As you look over the data below, please find each line where the word "bool" appears, then copy it.

::::::::::

(* Consider the randomized instance described in the context. For any $\delta\in(0,1)$, $\Delta\in(0,m)$ and $\gamma\in(0,0.5]$ satisfying $2\sqrt{\log(2/\delta)\cdot m}\le\frac m2$ and $\frac{4(\Delta+1)}{m}\le\frac12$, under the choice $\epsilon=\frac{2(\Delta+1)}{m-2\sqrt{\log(2/\delta)\cdot m}}$, it holds with probability at least $1-\delta$ (over $X_1,\dots,X_m$) that $\mathrm{OptEnvy}\le-\Delta$.
   Context: Two agents $a,b$, $m$ items ($m$ a multiple of 4), additive utilities. An allocation is a partition $(\mathcal{A}_a,\mathcal{A}_b)$ of $[m]$; $\mathrm{Envy}_{a\to b}=\sum_{i\in\mathcal{A}_b}\mu^a_i-\sum_{i\in\mathcal{A}_a}\mu^a_i$, $\mathrm{Envy}_{b\to a}=\sum_{i\in\mathcal{A}_a}\mu^b_i-\sum_{i\in\mathcal{A}_b}\mu^b_i$, $\mathrm{Envy}=\max$ of the two, $\mathrm{OptEnvy}=\min$ of $\mathrm{Envy}$ over all allocations. Randomized instance: $X_1,\dots,X_m$ i.i.d. $\mathrm{Bernoulli}(1/2)$; for $i\le m/2$: if $X_i=1$ then $\mu^a_i=\frac12+\epsilon,\mu^b_i=\frac12-\epsilon$, if $X_i=0$ then $\mu^a_i=\frac12-\epsilon,\mu^b_i=\frac12+\epsilon$; for $i>m/2$: if $X_i=1$ then $\mu^a_i=\mu^b_i=\frac12+\gamma$, if $X_i=0$ then $\mu^a_i=\mu^b_i=\frac12-\gamma$. $\log$ is natural. *)

theory Defs
  imports "HOL-Probability.Probability"
begin

text \<open>Items are 1..m. An outcome is X :: nat \<Rightarrow> bool restricted to {1..m}
 (X i = True means X_i = 1). Utilities of the randomized instance:\<close>

definition mu_a :: "nat \<Rightarrow> real \<Rightarrow> real \<Rightarrow> (nat \<Rightarrow> bool) \<Rightarrow> nat \<Rightarrow> real" where
  "mu_a m eps gam X i =
     (if 2 * i \<le> m then (if X i then 1/2 + eps else 1/2 - eps)
      else (if X i then 1/2 + gam else 1/2 - gam))"

definition mu_b :: "nat \<Rightarrow> real \<Rightarrow> real \<Rightarrow> (nat \<Rightarrow> bool) \<Rightarrow> nat \<Rightarrow> real" where
  "mu_b m eps gam X i =
     (if 2 * i \<le> m then (if X i then 1/2 - eps else 1/2 + eps)
      else (if X i then 1/2 + gam else 1/2 - gam))"

definition envy_ab :: "nat \<Rightarrow> (nat \<Rightarrow> real) \<Rightarrow> nat set \<Rightarrow> real" where
  "envy_ab m ua A = (\<Sum>i\<in>{1..m} - A. ua i) - (\<Sum>i\<in>A. ua i)"

definition envy_ba :: "nat \<Rightarrow> (nat \<Rightarrow> real) \<Rightarrow> nat set \<Rightarrow> real" where
  "envy_ba m ub A = (\<Sum>i\<in>A. ub i) - (\<Sum>i\<in>{1..m} - A. ub i)"

definition envy :: "nat \<Rightarrow> (nat \<Rightarrow> real) \<Rightarrow> (nat \<Rightarrow> real) \<Rightarrow> nat set \<Rightarrow> real" where
  "envy m ua ub A = max (envy_ab m ua A) (envy_ba m ub A)"

definition opt_envy :: "nat \<Rightarrow> (nat \<Rightarrow> real) \<Rightarrow> (nat \<Rightarrow> real) \<Rightarrow> real" where
  "opt_envy m ua ub = Min ((\<lambda>A. envy m ua ub A) ` Pow {1..m})"

text \<open>Distribution of (X_1,...,X_m): i.i.d. Bernoulli(1/2), i.e. uniform on {1..m} \<rightarrow> bool
 (extensional outside {1..m}).\<close>

definition X_dist :: "nat \<Rightarrow> (nat \<Rightarrow> bool) pmf" where
  "X_dist m = pmf_of_set (PiE {1..m} (\<lambda>_. UNIV))"

end

theory Submission
  imports Defs
begin

(* Let n = m/2 and let k and j count the items with X_i = 1 in the first and in the second
   half. Give agent a the first-half items it prefers together with a prefix of the second
   half, of value R to both agents; if W is the value of the whole second half, the two envies
   are x - n\<epsilon> and -x - n\<epsilon> with x = n/2 - k + W - 2R. The prefix values grow in steps
   in [0,1], so some prefix gives |x| \<le> 1 as soon as |k - n/2| + |j - n/2| \<le> n/2, and then
   OptEnvy \<le> 1 - n\<epsilon> \<le> -\<Delta>; the choice of \<epsilon> is only used through n\<epsilon> \<ge> \<Delta> + 1.
   The balance condition fails only if k + j or k + (n - j) deviates from n by n/2. Both are
   Binomial(m, 1/2), the second because flipping the second half preserves the distribution,
   so by Hoeffding this has probability at most 4 exp(-m/8) \<le> \<delta>. *)

lemma card_filter_add_card_filter_not:
  assumes "finite S"
  shows "card {i\<in>S. P i} + card {i\<in>S. \<not> P i} = card S"
proof -
  have "card {i\<in>S. P i} + card {i\<in>S. \<not> P i} = card ({i\<in>S. P i} \<union> {i\<in>S. \<not> P i})"
    using assms by (intro card_Un_disjoint[symmetric]) auto
  also have "{i\<in>S. P i} \<union> {i\<in>S. \<not> P i} = S"
    by auto
  finally show ?thesis .
qed

lemma card_filter_ivl_split:
  fixes n m :: nat
  assumes "n \<le> m"
  shows "card {i\<in>{1..m}. P i} = card {i\<in>{1..n}. P i} + card {i\<in>{n+1..m}. P i}"
proof -
  have "{i\<in>{1..m}. P i} = {i\<in>{1..n}. P i} \<union> {i\<in>{n+1..m}. P i}"
    using assms by auto
  moreover have "card ({i\<in>{1..n}. P i} \<union> {i\<in>{n+1..m}. P i}) = card {i\<in>{1..n}. P i} + card {i\<in>{n+1..m}. P i}"
    by (rule card_Un_disjoint) auto
  ultimately show ?thesis by simp
qed

lemma sum_if_eq_card:
  fixes a b :: "'a::semiring_1"
  assumes "finite S"
  shows "(\<Sum>i\<in>S. if P i then a else b) = of_nat (card {i\<in>S. P i}) * a + of_nat (card {i\<in>S. \<not> P i}) * b"
proof -
  have "S \<inter> {i. P i} = {i\<in>S. P i}" and "S \<inter> - {i. P i} = {i\<in>S. \<not> P i}" by auto
  with assms show ?thesis by (simp add: sum.If_cases)
qed

lemma prefix_sum_within_half:
  fixes v :: "nat \<Rightarrow> real"
  assumes "\<And>i. a < i \<Longrightarrow> 0 \<le> v i" and "\<And>i. a < i \<Longrightarrow> v i \<le> 1"
    and "0 \<le> t" and "t \<le> (\<Sum>i\<in>{a+1..a+N}. v i)"
  shows "\<exists>r\<le>N. \<bar>(\<Sum>i\<in>{a+1..a+r}. v i) - t\<bar> \<le> 1/2"
  using assms(4)
proof (induction N)
  case 0
  then show ?case using assms(3) by auto
next
  case (Suc N)
  show ?case
  proof (cases "t \<le> (\<Sum>i\<in>{a+1..a+N}. v i)")
    case True
    with Suc.IH show ?thesis by (meson le_SucI)
  next
    case False
    have "(\<Sum>i\<in>{a+1..a + Suc N}. v i) = (\<Sum>i\<in>{a+1..a+N}. v i) + v (a + Suc N)"
      by simp
    with False Suc.prems assms(1,2)[of "a + Suc N"]
    have "\<bar>(\<Sum>i\<in>{a+1..a+N}. v i) - t\<bar> \<le> 1/2 \<or> \<bar>(\<Sum>i\<in>{a+1..a + Suc N}. v i) - t\<bar> \<le> 1/2"
      by (auto simp: abs_if)
    then show ?thesis by (metis le_SucI order_refl)
  qed
qed

lemma opt_envy_le_envy:
  assumes "A \<subseteq> {1..m}"
  shows "opt_envy m ua ub \<le> envy m ua ub A"
  unfolding opt_envy_def using assms by (intro Min_le) auto

lemma envy_ab_eq:
  assumes "A \<subseteq> {1..m}"
  shows "envy_ab m u A = (\<Sum>i\<in>{1..m}. u i) - 2 * (\<Sum>i\<in>A. u i)"
  using sum.subset_diff[OF assms, of u] by (simp add: envy_ab_def)

lemma envy_ba_eq:
  assumes "A \<subseteq> {1..m}"
  shows "envy_ba m u A = 2 * (\<Sum>i\<in>A. u i) - (\<Sum>i\<in>{1..m}. u i)"
  using sum.subset_diff[OF assms, of u] by (simp add: envy_ba_def)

::::::::::

# Completed task
text \<open>Items are 1..m. An outcome is X :: nat \<Rightarrow> bool restricted to {1..m}
definition mu_a :: "nat \<Rightarrow> real \<Rightarrow> real \<Rightarrow> (nat \<Rightarrow> bool) \<Rightarrow> nat \<Rightarrow> real" where
definition mu_b :: "nat \<Rightarrow> real \<Rightarrow> real \<Rightarrow> (nat \<Rightarrow> bool) \<Rightarrow> nat \<Rightarrow> real" where
text \<open>Distribution of (X_1,...,X_m): i.i.d. Bernoulli(1/2), i.e. uniform on {1..m} \<rightarrow> bool
definition X_dist :: "nat \<Rightarrow> (nat \<Rightarrow> bool) pmf" where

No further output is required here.